Our slowly growing economy has almost no chance of meeting the needs of our poor, whose numbers, in terms of percentage of the population, have not appreciably declined for decades. Housing and healthcare remain the most problematic items for the poor, including those in the lower middle class brackets of even two to three times the poverty level. Increasing wages would help, but the current rate of increase is far too low to make a difference in their lives.
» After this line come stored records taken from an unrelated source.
lemma alpha_Z_mem_range_alpha_Y: "\<alpha> x Z \<in> range (\<lambda>x. \<alpha> x Y)"
proof -
  let ?R = "range (\<lambda>x. \<alpha> x Y)"
  have R: "subspace ?R" by (rule subspace_range_alpha)
  have "\<alpha> (X 1) Z = \<alpha> (- X 4) Y"
    by (simp add: alpha_expand alpha_X4_Y)
  then have X1_Z: "\<alpha> (X 1) Z \<in> ?R" by (metis rangeI)
  have X2_Z: "\<alpha> (X 2) Z \<in> ?R"
    using alpha_X3_Y by (metis rangeI)
  have X1: "\<alpha> (X 1) w \<in> ?R" and X2: "\<alpha> (X 2) w \<in> ?R" if "w \<in> lcs br 2" for w
    using that X1_Z X2_Z by (auto intro: alpha_derived_mem_subspace[OF R])
  show ?thesis
  proof (rule subspace_property_by_basis[where P = "\<lambda>x. \<alpha> x Z \<in> ?R"])
    show "subspace {x. \<alpha> x Z \<in> ?R}"
      using R by (rule subspace_alpha_vimage)
    show "\<alpha> (X 3) Z \<in> ?R" "\<alpha> (X 4) Z \<in> ?R"
      using alpha_X3_Z alpha_Z_of_commuting[OF bracket_14] X1 X2 R
      by (auto simp: bracket_mem_lcs_two real_vector.subspace_neg)
    show "\<alpha> (X k) Z \<in> ?R" if "5 \<le> k" "k \<le> n" for k
      using alpha_Z_of_commuting[OF bracket_1k[OF that]] X1 R
      by (auto simp: bracket_mem_lcs_two real_vector.subspace_neg)
  qed (use X1_Z X2_Z R real_vector.subspace_0 in auto)
qed

lemma orthogonal_alpha_Y_eq_zero:
  assumes "c \<in> alpha_ker br \<alpha> 1" and orth_Y: "\<And>x. B c (\<alpha> x Y) = 0"
  shows "c = 0"
proof (rule orthogonal_alpha_ker_eq_zero[OF assms])
  fix x
  obtain x' where "\<alpha> x Z = \<alpha> x' Y" using alpha_Z_mem_range_alpha_Y[of x] by blast
  then show "B c (\<alpha> x Z) = 0" using orth_Y by simp
qed

lemma alpha_Xk_Z:
  assumes "5 \<le> k" "k \<le> n"
  shows "\<alpha> (X k) Z = 0"
proof (rule orthogonal_alpha_Y_eq_zero)
  show "\<alpha> (X k) Z \<in> alpha_ker br \<alpha> 1" by (simp add: alpha_mem_alpha_ker_1)
  have "\<alpha> (X k) Y = 0" using assms by (simp add: alpha_Y_of_commuting bracket_1k bracket_2k)
  then show "B (\<alpha> (X k) Z) (\<alpha> x Y) = 0" for x
    using B_alpha_derived_swap[of Y Z x "X k"] B_sym by simp
qed

lemma alpha_bracket_X3_Xk:
  assumes k: "5 \<le> k" "k \<le> n"
  shows "\<alpha> y (br (X 3) (X k)) = 0"
proof (rule orthogonal_alpha_Y_eq_zero)
  let ?L = "br (X 3) (X k)"
  let ?c = "\<alpha> y ?L"
  show "?c \<in> alpha_ker br \<alpha> 1" by (simp add: alpha_mem_alpha_ker_1 bracket_mem_lcs_two)
  \<comment> \<open>by the swap identity, B (\<alpha> y L) (\<alpha> x w) = B (\<alpha> y w) (\<alpha> x L)\<close>
  have orth: "B ?c (\<alpha> x w) = 0" if "\<alpha> x ?L = 0" "w \<in> lcs br 2" for x w
    using B_alpha_derived_swap[of w ?L y x] B_sym that by (simp add: bracket_mem_lcs_two)
  have X1: "\<alpha> (X 1) ?L = 0"
    using alpha_Z_of_commuting[OF bracket_1k] alpha_Xk_Z k by simp
  have X2: "\<alpha> (X 2) ?L = 0"
    using alpha_X2_bracket_X3[OF bracket_2k] k by simp
  show "B ?c (\<alpha> x Y) = 0" for x
  proof (rule subspace_property_by_basis[where P = "\<lambda>x. B ?c (\<alpha> x Y) = 0"])
    show "subspace {x. B ?c (\<alpha> x Y) = 0}"
      using subspace_alpha_vimage[OF subspace_orthogonal[of ?c], of Y] by simp
    show "B ?c (\<alpha> (X 1) Y) = 0" "B ?c (\<alpha> (X 2) Y) = 0" "B ?c (\<alpha> (X 3) Y) = 0"
      using orth X1 X2 by (simp_all add: alpha_X3_Y)
    show "B ?c (\<alpha> (X 4) Y) = 0"
      using orth[OF X1, of Z] B_scale_right[of ?c "\<alpha> (X 1) Z" "-1"] by (simp add: alpha_X4_Y)
    show "B ?c (\<alpha> (X j) Y) = 0" if "5 \<le> j" "j \<le> n" for j
      using that by (simp add: alpha_Y_of_commuting bracket_1k bracket_2k)
  qed simp_all
qed

lemma Y_eq_zero_if_alpha_Y_zero:
  assumes alpha_Y: "\<And>x. \<alpha> x Y = 0"
  shows "Y = 0"
proof (rule derived_eq_zero_by_cond_A[of Y "- \<alpha> (X 1) (X 2)" Z])
  have X1_Z: "\<alpha> (X 1) Z = 0" and X2_Z: "\<alpha> (X 2) Z = 0"
    using alpha_X4_Y alpha_X3_Y alpha_Y by (metis neg_0_equal_iff_equal)+
  have "\<gamma> Z (X 2) Y = 0"
    using gamma_cocycle[of "X 1" "X 2" "X 3" Y] alpha_Y gamma_swap_outer[of Y "X 3" Y]
    by (simp add: d3_def half_wedge_def bracket_12 bracket_13 bracket_23 gamma_expand)
  moreover have "\<gamma> Z (X 1) Y = 0"
    using gamma_cocycle[of "X 1" "X 2" "X 4" Y] alpha_Y
    by (simp add: d3_def half_wedge_def bracket_12 bracket_14 bracket_24 gamma_expand)
  ultimately have "\<gamma> w (X 1) Z = 0" "\<gamma> w (X 2) Z = 0" if "w \<in> lcs br 2" for w
    using that gamma_swap_outer[of Y _ Z]
    by (auto simp: derived_eq mem_span_pair_iff gamma_expand)
  then show "\<gamma> L Y Z = - B (- \<alpha> (X 1) (X 2)) (\<alpha> L Z)" for L
    using gamma_cocycle[of "X 1" "X 2" L Z] X1_Z X2_Z gamma_swap_left[of L Y Z]
      B_scale_left[of "\<alpha> (X 1) (X 2)" "\<alpha> L Z" "-1"]
    by (simp add: d3_def half_wedge_def bracket_12 bracket_mem_lcs_two gamma_expand)
qed (auto simp: alpha_Y derived_eq[symmetric] real_vector.subspace_neg[OF subspace_A])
The only real chance to address the needs of those Americans who are in poverty or are too poor to be able to live safely and comfortably in our society is to raise wages dramatically and to reduce housing and healthcare costs (and of course, not cutting and actually fully funding safety-net social programs now in existence). Supplementing wages using tax credits (such as the earned-income credit) derived from increased taxes on the wealthy, would be one route, universal, government supplied or insured healthcare would be another, and deregulating building restrictions on dwellings, especially in our urban centers and their immediate peripheries, so that more affordable housing (and just plain more housing) could be built is another route. All of these measures may have to be pursued if we expect to have some chance of allowing a more satisfying life for more Americans. Conservatives are banking on tax breaks for corporations and the wealthy to pour more money into the economy so that wages increase, but this has not happened in the past and doesn't look as though it is happening now and would only address a portion of the problem. More dramatic proposals need to come from and be enacted by our politicians.